On June 17, 2022, the plaintiff's counsel filed a notice on the docket stating that the plaintiff had filed a successive application for DIB benefits on July 15, 2021, and that the Commissioner had granted that application. (See Doc. No. 15). The plaintiff's counsel also attached a June 13, 2022, Notice of Award from the Social Security Administration that was sent to the plaintiff, (see Doc. No. 15-1 at 1), stating that the Commissioner found that the plaintiff had become disabled on December 30, 2020. (Id.). Accordingly, the scope of the ALJ's review upon remand is limited to the alleged onset date of April 1, 2019, and December 30, 2020.
II. FACTUAL BACKGROUND
The Court presumes the parties' familiarity with the plaintiff's medical history, which is thoroughly discussed in the parties' respective statements of material facts. (See Doc. Nos. 11-2; 13-2). The Court cites only the portions of the record that are necessary to explain this decision. The plaintiff was 61 years old at her alleged onset date. (Tr. 97).
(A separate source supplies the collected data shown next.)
(* Let $G$ be a finite simple connected graph with no $K_5$ minor, not isomorphic to $C_5$, that has no dynamic $4$-coloring, and suppose $G$ has the minimum number of edges among all such graphs (i.e., every finite simple connected graph with no $K_5$ minor, not isomorphic to $C_5$, and with fewer edges than $G$ is dynamically $4$-colorable). Then $G$ is $2$-connected.
   Context: All graphs are finite and simple. Given a proper vertex coloring of a graph, a vertex $v$ is happy if either $v$ has at most one neighbor or $v$ has two neighbors receiving distinct colors. A dynamic $4$-coloring is a proper vertex coloring with at most $4$ colors in which every vertex is happy. *)

theory Defs
  imports Main
begin

definition simple_graph :: "'a set \<Rightarrow> 'a set set \<Rightarrow> bool" where
  "simple_graph V E \<longleftrightarrow> finite V \<and>
     (\<forall>e\<in>E. \<exists>u v. e = {u, v} \<and> u \<in> V \<and> v \<in> V \<and> u \<noteq> v)"

definition neighbors :: "'a set set \<Rightarrow> 'a \<Rightarrow> 'a set" where
  "neighbors E v = {u. {u, v} \<in> E}"

definition connected_in :: "'a set set \<Rightarrow> 'a set \<Rightarrow> bool" where
  "connected_in E S \<longleftrightarrow> S \<noteq> {} \<and>
     (\<forall>u\<in>S. \<forall>v\<in>S. (\<lambda>x y. x \<in> S \<and> y \<in> S \<and> {x, y} \<in> E)\<^sup>*\<^sup>* u v)"

definition connected_graph :: "'a set \<Rightarrow> 'a set set \<Rightarrow> bool" where
  "connected_graph V E \<longleftrightarrow> connected_in E V"

definition del_vertex :: "'a set \<Rightarrow> 'a set set \<Rightarrow> 'a \<Rightarrow> 'a set \<times> 'a set set" where
  "del_vertex V E x = (V - {x}, {e \<in> E. x \<notin> e})"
On March 28, 2011, prior to the plaintiff's alleged disability onset date, she was treated for a cerebrovascular accident (stroke), following dizziness and some weakness on her left side. (Tr. 58, 570-592). On February 2, 2017, the plaintiff was diagnosed with peripheral neuropathy, lumbar disc degeneration, and right hip pain. (Tr. 593). In 2018, the plaintiff broke her foot following a fall requiring surgery, use of a CAM boot and light duty work. (Tr. 724). The plaintiff stopped working at the end of March 2019. (Tr. 326). During 2019 and 2020, the plaintiff continued to complain of symptoms of peripheral neuropathy and was referred to a neurologist. (See, e.g., Tr. 21).
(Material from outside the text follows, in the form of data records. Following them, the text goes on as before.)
lemma centralizer_generated_subalgebra:
  "centralizer br (generated_subalgebra sc br X) = centralizer br X"
proof
  show "centralizer br (generated_subalgebra sc br X) \<subseteq> centralizer br X"
    unfolding centralizer_def generated_subalgebra_def by blast
  show "centralizer br X \<subseteq> centralizer br (generated_subalgebra sc br X)"
  proof
    fix x assume x: "x \<in> centralizer br X"
    have "lie_subalgebra sc br {y. br x y = 0}"
      unfolding lie_subalgebra_def using ad.subspace_kernel jacobi_derivation[of x] by simp
    then have "generated_subalgebra sc br X \<subseteq> {y. br x y = 0}"
      using x unfolding generated_subalgebra_def centralizer_def by blast
    then show "x \<in> centralizer br (generated_subalgebra sc br X)"
      unfolding centralizer_def by blast
  qed
qed

lemma heisenberg_string_nonzero:
  assumes "br x w = 0" "w \<noteq> 0" "c \<noteq> 0"
    and central: "\<And>m. br (br x y) ((br y ^^ m) w) = sc c ((br y ^^ m) w)"
  shows "(br y ^^ m) w \<noteq> 0"
proof -
  have lower: "br x ((br y ^^ Suc m) w) = sc (of_nat (Suc m) * c) ((br y ^^ m) w)" for m
  proof (induction m)
    case 0
    show ?case using jacobi_derivation[of x y w] assms(1) central[of 0] by simp
  next
    case (Suc m)
    let ?u = "(br y ^^ Suc m) w"
    have "br x (br y ?u) = br y (br x ?u) + sc c ?u"
      using jacobi_derivation[of x y ?u] central[of "Suc m"] by simp
    also have "\<dots> = sc (of_nat (Suc m) * c + c) ?u"
      using Suc by (simp add: ad.scale V.scale_left_distrib)
    finally show ?case by (simp add: algebra_simps)
  qed
  show ?thesis
  proof (induction m)
    case 0
    then show ?case using assms(2) by simp
  next
    case (Suc m)
    then show ?case using lower[of m] assms(3) by (auto simp del: of_nat_Suc)
  qed
qed

definition sl2_triple :: "'g \<Rightarrow> 'g \<Rightarrow> 'g \<Rightarrow> bool" where
  "sl2_triple e f h \<longleftrightarrow> br e f = h \<and> br h e = sc 2 e \<and> br h f = sc (-2) f"

lemma ad_power_eigenvector:
  assumes "br h e = sc c e" "br h v = sc l v"
  shows "br h ((br e ^^ k) v) = sc (l + of_nat k * c) ((br e ^^ k) v)"
proof (induction k)
  case 0
  then show ?case using assms(2) by simp
next
  case (Suc k)
  let ?u = "(br e ^^ k) v"
  have "br h (br e ?u) = br e (br h ?u) + br (br h e) ?u" by (rule jacobi_derivation)
  also have "\<dots> = sc (l + of_nat k * c + c) (br e ?u)"
    using Suc assms(1) by (simp add: ad.scale bracket_left.scale V.scale_left_distrib ad.add)
  finally show ?case by (simp add: algebra_simps)
qed

(* v need not be a highest weight vector: f (e v) = 0 already gives
   e (f^(k+1) v) = (k+1) (l-k) f^k v, so l = N for the last N with f^N v \<noteq> 0. *)
lemma sl2_weight_nat:
  assumes "sl2_triple e f h" "locally_nilpotent (br f)"
    and v: "br h v = sc l v" "v \<noteq> 0" and "br f (br e v) = 0"
  shows "\<exists>N::nat. l = of_nat N"
proof -
  have ef: "br e f = h" and hf: "br h f = sc (-2) f"
    using assms(1) unfolding sl2_triple_def by auto
  have raise: "br e ((br f ^^ Suc k) v) = sc (of_nat (Suc k) * (l - of_nat k)) ((br f ^^ k) v)" for k
  proof (induction k)
    case 0
    show ?case using jacobi_derivation[of e f v] assms(5) ef v(1) by simp
  next
    case (Suc k)
    let ?u = "(br f ^^ Suc k) v"
    have "br e (br f ?u) = br f (br e ?u) + br (br e f) ?u" by (rule jacobi_derivation)
    also have "\<dots> = sc (of_nat (Suc k) * (l - of_nat k) + (l + of_nat (Suc k) * -2)) ?u"
      using Suc ef ad_power_eigenvector[OF hf v(1), of "Suc k"]
      by (simp add: ad.scale V.scale_left_distrib del: of_nat_Suc)
    also have "of_nat (Suc k) * (l - of_nat k) + (l + of_nat (Suc k) * -2)
        = of_nat (Suc (Suc k)) * (l - of_nat (Suc k))"
      by (simp add: algebra_simps)
    finally show ?case by simp
  qed
  obtain n where "(br f ^^ n) v = 0"
    using assms(2) unfolding locally_nilpotent_def by blast
  then obtain N where N: "(br f ^^ N) v \<noteq> 0" "(br f ^^ Suc N) v = 0"
    using funpow_last_nonzero v(2) by metis
  have "sc (of_nat (Suc N) * (l - of_nat N)) ((br f ^^ N) v) = 0"
    using raise[of N] N(2) by simp
  then have "l = of_nat N" using N(1) by (simp del: of_nat_Suc)
  then show ?thesis by blast
qed

lemma sl2_weight_int:
  assumes "sl2_triple e f h" "locally_nilpotent (br e)" "locally_nilpotent (br f)"
    and v: "br h v = sc l v" "v \<noteq> 0"
  shows "\<exists>z::int. l = of_int z"
proof -
  have he: "br h e = sc 2 e" using assms(1) unfolding sl2_triple_def by auto
  obtain n where "(br e ^^ n) v = 0"
    using assms(2) unfolding locally_nilpotent_def by blast
  then obtain m where m: "(br e ^^ m) v \<noteq> 0" "(br e ^^ Suc m) v = 0"
    using funpow_last_nonzero v(2) by metis
  have "\<exists>N::nat. l + of_nat m * 2 = of_nat N"
    using sl2_weight_nat[OF assms(1,3) ad_power_eigenvector[OF he v(1)] m(1)] m(2) by simp
  then obtain N :: nat where "l + of_nat m * 2 = of_nat N" by blast
  then have "l = of_int (int N - 2 * int m)" by (simp add: algebra_simps)
  then show ?thesis by blast
qed

lemma sl2_lower_raise_nonzero:
  assumes "sl2_triple e f h" "locally_nilpotent (br f)" "br h v = sc (-2) v" "v \<noteq> 0"
  shows "br f (br e v) \<noteq> 0"
proof
  assume "br f (br e v) = 0"
  then obtain N :: nat where "(-2::complex) = of_nat N"
    using sl2_weight_nat[OF assms] by blast
  then have "Re (-2::complex) = Re (of_nat N)" by simp
  then show False by simp
qed

end

locale quadratic_lie_alg = lie_alg +
  fixes B
  assumes form: "GR1 sc br B"
begin

lemma form_linear_left: "Vector_Spaces.linear sc (*) (\<lambda>x. B x y)"
  using form unfolding GR1_def by auto

lemma form_linear_right: "Vector_Spaces.linear sc (*) (B x)"
  using form unfolding GR1_def by auto

sublocale form_left: Vector_Spaces.linear sc "(*)" "\<lambda>x. B x y" for y
  by (rule form_linear_left)

sublocale form_right: Vector_Spaces.linear sc "(*)" "B x" for x
  by (rule form_linear_right)

lemma form_sym: "B x y = B y x"
  using form unfolding GR1_def by auto

lemma form_nondegenerate: "(\<And>y. B x y = 0) \<Longrightarrow> x = 0"
  using form unfolding GR1_def by auto

lemma form_invariant: "B (br x y) z = B x (br y z)"
  using form unfolding GR1_def by auto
A. The Plaintiff's Hearing Testimony
On December 15, 2020, the ALJ held a telephonic hearing during which the plaintiff, her attorney, and a vocational expert (“VE”) testified. (Tr. 49). The plaintiff testified she stopped working in March of 2019. (Tr. 59-60). The plaintiff and her attorney clarified her alleged onset date was April 1, 2019, and not in January of 2019. (Tr. 61).
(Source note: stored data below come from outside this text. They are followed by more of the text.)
lemma
  fixes f :: "real \<Rightarrow> 'a::euclidean_space"
  assumes cont: "continuous_on UNIV f" and "a < b"
  shows integrable_uniform_measure_interval: "integrable (uniform_measure lborel {a..<b}) f"
    and integral_uniform_measure_interval:
      "integral\<^sup>L (uniform_measure lborel {a..<b}) f = (1 / (b - a)) *\<^sub>R integral {a..b} f"
proof -
  have f_meas[measurable]: "f \<in> borel_measurable borel"
    using cont by (rule borel_measurable_continuous_onI)
  have U: "uniform_measure lborel {a..<b} = density lborel (\<lambda>x. ennreal (indicator {a..<b} x / (b - a)))"
    unfolding uniform_measure_def using \<open>a < b\<close>
    by (intro arg_cong2[where f=density] ext refl) (use divide_ennreal[of 1 "b - a"] in \<open>simp add: indicator_def\<close>)
  have ae: "AE x in lborel. (indicator {a..<b} x / (b - a)) *\<^sub>R f x
      = (1 / (b - a)) *\<^sub>R (indicator {a..b} x *\<^sub>R f x)"
    using AE_lborel_singleton[of b] by eventually_elim (auto simp: indicator_def)
  have f_int: "integrable lborel (\<lambda>x. indicator {a..b} x *\<^sub>R f x)"
    by (rule borel_integrable_compact) (auto intro: continuous_on_subset[OF cont])
  then have "integrable lborel (\<lambda>x. (1 / (b - a)) *\<^sub>R (indicator {a..b} x *\<^sub>R f x))"
    by (rule integrable_scaleR_right)
  then have "integrable lborel (\<lambda>x. (indicator {a..<b} x / (b - a)) *\<^sub>R f x)"
    using integrable_cong_AE[OF _ _ ae] by simp
  then show "integrable (uniform_measure lborel {a..<b}) f"
    unfolding U using \<open>a < b\<close> by (subst integrable_density) auto
  have "integral\<^sup>L (uniform_measure lborel {a..<b}) f
      = integral\<^sup>L lborel (\<lambda>x. (indicator {a..<b} x / (b - a)) *\<^sub>R f x)"
    unfolding U using \<open>a < b\<close> by (subst integral_density) auto
  also have "\<dots> = integral\<^sup>L lborel (\<lambda>x. (1 / (b - a)) *\<^sub>R (indicator {a..b} x *\<^sub>R f x))"
    by (rule integral_cong_AE[OF _ _ ae]) auto
  also have "\<dots> = (1 / (b - a)) *\<^sub>R integral\<^sup>L lborel (\<lambda>x. indicator {a..b} x *\<^sub>R f x)"
    by (rule integral_scaleR_right)
  also have "integral\<^sup>L lborel (\<lambda>x. indicator {a..b} x *\<^sub>R f x) = integral {a..b} f"
    using set_borel_integral_eq_integral(2)[of "{a..b}" f] f_int
    unfolding set_integrable_def set_lebesgue_integral_def by simp
  finally show "integral\<^sup>L (uniform_measure lborel {a..<b}) f = (1 / (b - a)) *\<^sub>R integral {a..b} f" .
qed
(* Let $G,H$ be connected graphs, $u_0\in V(G)$, $v_0\in V(H)$. If $\iota(G),\iota(H)<\infty$ then $\iota(G\circ_{u_0,v_0}H)=\iota(G)+\iota(H)$. If $\iota(G)=\infty$ or $\iota(H)=\infty$, then $\iota(G\circ_{u_0,v_0}H)=\infty$.
   Context: For a connected graph $G$ on vertices $v_1,\dots,v_n$, its distance matrix is $D=(d(v_i,v_j))_{i,j=1}^n$, where $d$ is the shortest-path distance; $\vec 1$ denotes the all-ones vector. $G$ is distance exceptional if $D\vec x=\vec 1$ has no solution. A curvature potential is a vector $\vec x$ with $D\vec x=\vec 1$. Curvature index $\iota(G)\in\mathbb{R}\cup\{\infty\}$: if $G$ is distance exceptional or has a curvature potential $\vec x$ with $\vec 1^\top\vec x\neq0$, then $\iota(G)$ is the unique real number with $\{D\vec x:\vec 1^\top\vec x=1\}\cap\mathbb{R}\vec 1=\{\iota(G)\vec 1\}$ (this intersection is a single point); otherwise (curvature potentials exist and all have $\vec 1^\top\vec x=0$) $\iota(G)=\infty$. The vertex coalescence $G\circ_{u_0,v_0}H$ is the graph obtained from the disjoint union of $G$ and $H$ by identifying $u_0$ with $v_0$. *)

theory Defs
  imports Complex_Main "HOL-Library.Extended_Real"
begin

definition graph :: "'a set \<Rightarrow> ('a \<Rightarrow> 'a \<Rightarrow> bool) \<Rightarrow> bool" where
  "graph V E \<longleftrightarrow> finite V \<and> (\<forall>x y. E x y \<longrightarrow> E y x) \<and> (\<forall>x. \<not> E x x)
      \<and> (\<forall>x y. E x y \<longrightarrow> x \<in> V \<and> y \<in> V)"

definition walk :: "'a set \<Rightarrow> ('a \<Rightarrow> 'a \<Rightarrow> bool) \<Rightarrow> 'a list \<Rightarrow> bool" where
  "walk V E xs \<longleftrightarrow> xs \<noteq> [] \<and> set xs \<subseteq> V \<and>
      (\<forall>i. Suc i < length xs \<longrightarrow> E (xs ! i) (xs ! Suc i))"

definition connected_graph :: "'a set \<Rightarrow> ('a \<Rightarrow> 'a \<Rightarrow> bool) \<Rightarrow> bool" where
  "connected_graph V E \<longleftrightarrow> graph V E \<and> V \<noteq> {} \<and>
      (\<forall>u\<in>V. \<forall>v\<in>V. \<exists>xs. walk V E xs \<and> hd xs = u \<and> last xs = v)"

definition gdist :: "'a set \<Rightarrow> ('a \<Rightarrow> 'a \<Rightarrow> bool) \<Rightarrow> 'a \<Rightarrow> 'a \<Rightarrow> nat" where
  "gdist V E u v = (LEAST n. \<exists>xs. walk V E xs \<and> hd xs = u \<and> last xs = v \<and> length xs = Suc n)"

definition distmul :: "'a set \<Rightarrow> ('a \<Rightarrow> 'a \<Rightarrow> bool) \<Rightarrow> ('a \<Rightarrow> real) \<Rightarrow> 'a \<Rightarrow> real" where
  "distmul V E x i = (\<Sum>j\<in>V. real (gdist V E i j) * x j)"

definition curvature_potential :: "'a set \<Rightarrow> ('a \<Rightarrow> 'a \<Rightarrow> bool) \<Rightarrow> ('a \<Rightarrow> real) \<Rightarrow> bool" where
  "curvature_potential V E x \<longleftrightarrow> (\<forall>i\<in>V. distmul V E x i = 1)"

definition distance_exceptional :: "'a set \<Rightarrow> ('a \<Rightarrow> 'a \<Rightarrow> bool) \<Rightarrow> bool" where
  "distance_exceptional V E \<longleftrightarrow> \<not> (\<exists>x. curvature_potential V E x)"

text \<open>Curvature index, in ereal; the value \<infinity> is PInfty.  In the finite case it is the
  unique real c such that c\<cdot>1 = D x for some x with (sum of x over V) = 1.\<close>
definition curv_index :: "'a set \<Rightarrow> ('a \<Rightarrow> 'a \<Rightarrow> bool) \<Rightarrow> ereal" where
  "curv_index V E =
    (if distance_exceptional V E \<or> (\<exists>x. curvature_potential V E x \<and> sum x V \<noteq> 0)
     then ereal (THE c. \<exists>x. sum x V = 1 \<and> (\<forall>i\<in>V. distmul V E x i = c))
     else PInfty)"

text \<open>Vertex coalescence: vertices Inl ` VG plus Inr ` (VH - {v0}); v0 is identified with u0.\<close>
definition coal_V :: "'a set \<Rightarrow> 'b set \<Rightarrow> 'b \<Rightarrow> ('a + 'b) set" where
  "coal_V VG VH v0 = Inl ` VG \<union> Inr ` (VH - {v0})"

definition coal_E :: "('a \<Rightarrow> 'a \<Rightarrow> bool) \<Rightarrow> ('b \<Rightarrow> 'b \<Rightarrow> bool) \<Rightarrow> 'a \<Rightarrow> 'b
    \<Rightarrow> ('a + 'b) \<Rightarrow> ('a + 'b) \<Rightarrow> bool" where
  "coal_E EG EH u0 v0 p q =
    (case (p, q) of
       (Inl x, Inl y) \<Rightarrow> EG x y
     | (Inr x, Inr y) \<Rightarrow> x \<noteq> v0 \<and> y \<noteq> v0 \<and> EH x y
     | (Inl x, Inr y) \<Rightarrow> x = u0 \<and> y \<noteq> v0 \<and> EH v0 y
     | (Inr x, Inl y) \<Rightarrow> y = u0 \<and> x \<noteq> v0 \<and> EH x v0)"

end

(*
  The curvature index only depends on the affine levels of the distance matrix D: the reals c
  such that D x = c 1 for some x with total mass 1.  Because D is symmetric, there is at most
  one such level, and one exists exactly when G is distance exceptional (Fredholm alternative)
  or has a curvature potential of nonzero mass; otherwise the index is infinite.

  In the coalescence, distances split as d(p, q) = d_G(pi_G p, pi_G q) + d_H(pi_H p, pi_H q),
  where pi_G collapses H onto u0 and pi_H collapses G onto v0.  Hence D z is the sum of D_G and
  D_H applied to the push-forwards of z, which keep the total mass.  Normalised vectors at levels
  a for G and b for H glue to one at level a + b for the coalescence; conversely, a normalised
  vector at some level for the coalescence pushes forward to normalised vectors at some level for
  G and for H.
*)
theory Submission
  imports Defs
begin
The hearing was conducted telephonically and without objection due to the circumstances presented by the COVID-19 pandemic. (Tr. 51, 54).
As to her physical limitations, the plaintiff testified that her legs were “very unstable” and that she had upper body numbness that prevented her from doing tasks such as drying her hair. (Tr. 61). She stated that she had pain “centralized” in her legs and that she could only stand between fifteen minutes to a half hour. (Tr. 61, 71). While she did not use a cane, she had had an elevator installed in her house in or around 2011 so that she could get up and down her stairs. (Tr. 62, 66). As to her abilities to perform daily household tasks, the plaintiff testified that she could put small loads of laundry into her machine but could not do so for larger loads and had difficulty transferring wet clothes from the washer to dryer. (Tr. 62-63). She could lift a ten-pound bag of groceries from her driveway to her house but no farther. (Tr. 72). She could also do other simple tasks such as running a dusting cloth over a dresser or loading a dishwasher. (Tr. 62-63). However, she required assistance from family members, such as her husband, to do other household tasks such as laundry, cooking, mowing her lawn, lifting heavy items while shopping, or cleaning her house, including scrubbing toilets and vacuuming. (Tr. 62-64, 70). She stated she could drive a car for half-an-hour without issues. (Tr. 64). She testified she could only lift five pounds at a time in the last year but that she used to be able to lift between ten to twenty pounds prior to that. (Id.). She also testified that she had difficulty using her arms for movements such as typing and was limited to thirty minutes of typing before she needed to stop. (Tr. 66-67). She explained that her activity level had declined over time and that, if she could, she would still be working. (Tr. 67).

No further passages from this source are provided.